Door deze wet, die de historische rechten van alle belanghebbenden eerbiedigt en waarborgt, en door het eminente beleid van de Voorzitter van Stad en Lande, E. Luden, heeft het Gooi een tijd van rust en welvaart gekend. Doch de omstandigheden veranderden op een wijze, die in 1912 niet te voorzien was, door de grote groei van de Gooise gemeenten, die bouwterreinen voor haar uitbreiding nodig hadden en die goedkoop van Stad en Lande zochten te verkrijgen. De nietscharenden wilden liquidatie van de gemeenschap óf uitkering van de opbrengst van landverkopen, wat tegen de wet was, die alle winsten ten bate van het landbouwbedrijf bestemde.
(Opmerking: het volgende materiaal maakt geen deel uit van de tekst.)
text \<open>A map sending the extreme points of every interval of \<open>I\<close> onto the extreme points of
  the corresponding interval of \<open>J\<close> is a bijection of the vertex sets, because the extreme
  points cover both vertex sets and these have the same size.\<close>
lemma extremes_preserving_bij:
  assumes sI: "sharp N I" and sJ: "sharp N' J" and N: "N' = N"
    and J: "J = (\<lambda>A. \<psi> ` A) ` I"
    and ext: "\<And>A. A \<in> I \<Longrightarrow> g ` extremes A = extremes (\<psi> ` A)"
  shows "bij_betw g {1..N} {1..N'}"
proof -
  have "g ` {1..N} = (\<Union>A\<in>I. g ` extremes A)" using sharp_cover[OF sI] by blast
  also have "\<dots> = (\<Union>A\<in>I. extremes (\<psi> ` A))" using ext by simp
  also have "\<dots> = (\<Union>G\<in>J. extremes G)" using J by simp
  also have "\<dots> = {1..N'}" by (rule sharp_cover[OF sJ])
  finally have img: "g ` {1..N} = {1..N'}" .
  then have "inj_on g {1..N}" using N by (intro eq_card_imp_inj_on) auto
  with img show ?thesis unfolding bij_betw_def by blast
qed

lemma inj_on_image_subset_eq:
  assumes "inj_on g V" "inj_on f V" "A \<subseteq> V" "finite A" "g ` A \<subseteq> f ` A"
  shows "g ` A = f ` A"
proof (rule card_subset_eq)
  show "card (g ` A) = card (f ` A)"
    using assms(1-3) by (simp add: card_image inj_on_subset)
qed (use assms(4,5) in auto)

theorem lemma10:
  fixes N N' :: nat and I J :: "nat set set" and \<psi> :: "nat \<Rightarrow> nat"
  assumes "sharp N I" and "sharp N' J"
    and "\<exists>f. hyp_iso f {1..N} I {1..N'} J"
    and "hyp_iso \<psi> {1..N} I {1..N'} J"
  shows "\<exists>\<psi>'. hyp_iso \<psi>' {1..N} I {1..N'} J \<and>
           (\<forall>A\<in>I. \<psi>' ` A = \<psi> ` A) \<and>
           (\<forall>A\<in>I. \<psi>' ` extremes A = extremes (\<psi> ` A))"
proof -
  note sI = assms(1) and sJ = assms(2) and iso = assms(4)
  note inj = hyp_iso_inj_image(1)[OF iso] and J = hyp_iso_inj_image(2)[OF iso]
  define \<psi>' where "\<psi>' = \<psi> \<circ> endpoint_correction \<psi> I"
  have ext: "\<psi>' ` extremes A = extremes (\<psi> ` A)" if "A \<in> I" for A
    unfolding \<psi>'_def by (rule endpoint_correction_extremes[OF sI sJ iso that])
  have "N' = N" using iso bij_betw_same_card unfolding hyp_iso_def by fastforce
  then have bij: "bij_betw \<psi>' {1..N} {1..N'}"
    using extremes_preserving_bij[OF sI sJ _ J ext] by blast
  have same: "\<psi>' ` A = \<psi> ` A" if A: "A \<in> I" for A
  proof (rule inj_on_image_subset_eq[OF bij_betw_imp_inj_on[OF bij] inj])
    show AV: "A \<subseteq> {1..N}" by (rule sharp_extremes(4)[OF sI A])
    then show "finite A" by (rule finite_subset) simp
    show "\<psi>' ` A \<subseteq> \<psi> ` A"
      using endpoint_correction_mem[OF sI sJ iso _ A] AV unfolding \<psi>'_def by auto
  qed
  have "hyp_iso \<psi>' {1..N} I {1..N'} J"
    unfolding hyp_iso_def using bij same J by simp
  with same ext show ?thesis by blast
qed

end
De scharenden wensten verbetering van de weiden en geen ontbinding en stonden sterk door wat de wet daaromtrent bepaalde. De uit deze tegenstrijdige belangen voortvloeiende strubbelingen liepen wel niet zo hoog als die uit het begin van deze eeuw, maar kwamen toch pas ten einde toen in 1932 aan de Stichting het Gooise natuurreservaat een aantal gronden van Stad en Lande verkocht werd, nadat de regering bereid gevonden was tot een wetswijziging over te gaan, waarbij het voor één keer mogelijk werd, de opbrengst van deze verkoop onder de Erfgooiers te verdelen, en tevens een bepaling opgenomen werd, waardoor de rechten van de scharenden, die groot voordeel van de gemene weiden hebben, veilig werden gesteld. Tegenwoordig wordt alleen het schaarrecht nog uitgeoefend; andere marke-voordelen als plaggen steken en schapen weiden bestaan rechtens nog wel, maar practisch niet meer.

PROF. DR D. TH. ENKLAAR

Lit.: D. Th. Enklaar en A. C. J. de Vrankrijker, Geschiedenis van Gooiland, 3 dln (Amsterdam 1939-1941), waar men achter dl I en dl III een beredeneerde opgave van bronnen en literatuur vindt; voorts J. Ph. van Erk, Het Gooische Natuurreservaat en Stad en Lande (Rechtshist. opstellen — De Blécourt, Groningen — Batavia 1939).